Moreover, if we consider that years after horizontal drilling has already depleted Tier 1 acreages in the Midland fields, having a critical mass of new acreages that allow for enhanced oil recovery (“EOR”) becomes invaluable.
It’s probably why Hollub alluded to it in her CNBC interview. Employing EOR techniques will be the next step in the Midland (and eventually Permian to follow), and the CR acquisition will accelerate the process.
So expect more discussion/details about this in their next investor update (the quarterly report likely occurs in the first week of November).
Deleveraging the balance sheet also means unlocking shareholder returns, which means retiring nearly 8-10% of shares outstanding a year, so OXY will likely announce a new share repurchase program. We forecast OXY will generate $4-5B of FCF in a mid-$60s WTI environment, and that should lead to a retirement of 8-10% of its shares outstanding each year.
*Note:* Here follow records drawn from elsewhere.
text \<open>
  (i) Order the graph c-monotonically. A point Y of the graph is never between two close points
  of the graph, so a continuous arc of the graph avoiding Y lies entirely on one side of Y.
  Applied to the arcs over [x,t] and [t,y], this puts (t, f t) between (x, f x) and (y, f y),
  and c-monotonicity bounds its distance from an endpoint by c times the distance between
  the endpoints, which is \<bar>x - y\<bar> when f x = f y.

  (ii) Order the graph by abscissa. For x < y < z the intermediate value theorem produces a
  point s beside y with f s equal to f x or f z, and condition P_(c-1) on the level pair
  gives \<bar>f y - f x\<bar>, \<bar>f z - f y\<bar> \<le> \<bar>f z - f x\<bar> + (c - 1)(z - x); an elementary
  inequality turns this into the distance bound.
\<close>

lemma strict_linear_order_on_converse:
  "strict_linear_order_on S lt \<Longrightarrow> strict_linear_order_on S (\<lambda>x y. lt y x)"
  unfolding strict_linear_order_on_def by meson

lemma strict_linear_order_on_asym:
  "\<lbrakk>strict_linear_order_on S lt; x \<in> S; y \<in> S; lt x y\<rbrakk> \<Longrightarrow> \<not> lt y x"
  unfolding strict_linear_order_on_def by meson

lemma strict_linear_order_on_total:
  "\<lbrakk>strict_linear_order_on S lt; x \<in> S; y \<in> S; x \<noteq> y\<rbrakk> \<Longrightarrow> lt x y \<or> lt y x"
  unfolding strict_linear_order_on_def by meson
We also anticipate that OXY will increase its dividend to solidify its investor base, but that can come after more shares are retired.
Messaging will matter greatly in the coming months to reestablish trust, but on the whole, this kerfuffle will pass. Was it an expensive deal? Was the cost of capital “costly” to finance the CR acquisition after OXY’s joint venture partner in the Midland (Ecopetrol) backed out from helping to buy half of CR? Yes, but we surmise only because OXY hasn’t quantified specifically the benefits of CR post-acquisition. Qualitatively yes, but dollars-and-cents? Not quite.
There’s synergies there, and we can kind of see them, but the market’s not giving them any benefit of the doubt.
So time to clarify those doubts OXY, or the market will keep assuming Berkshire gave them a real chemical bath.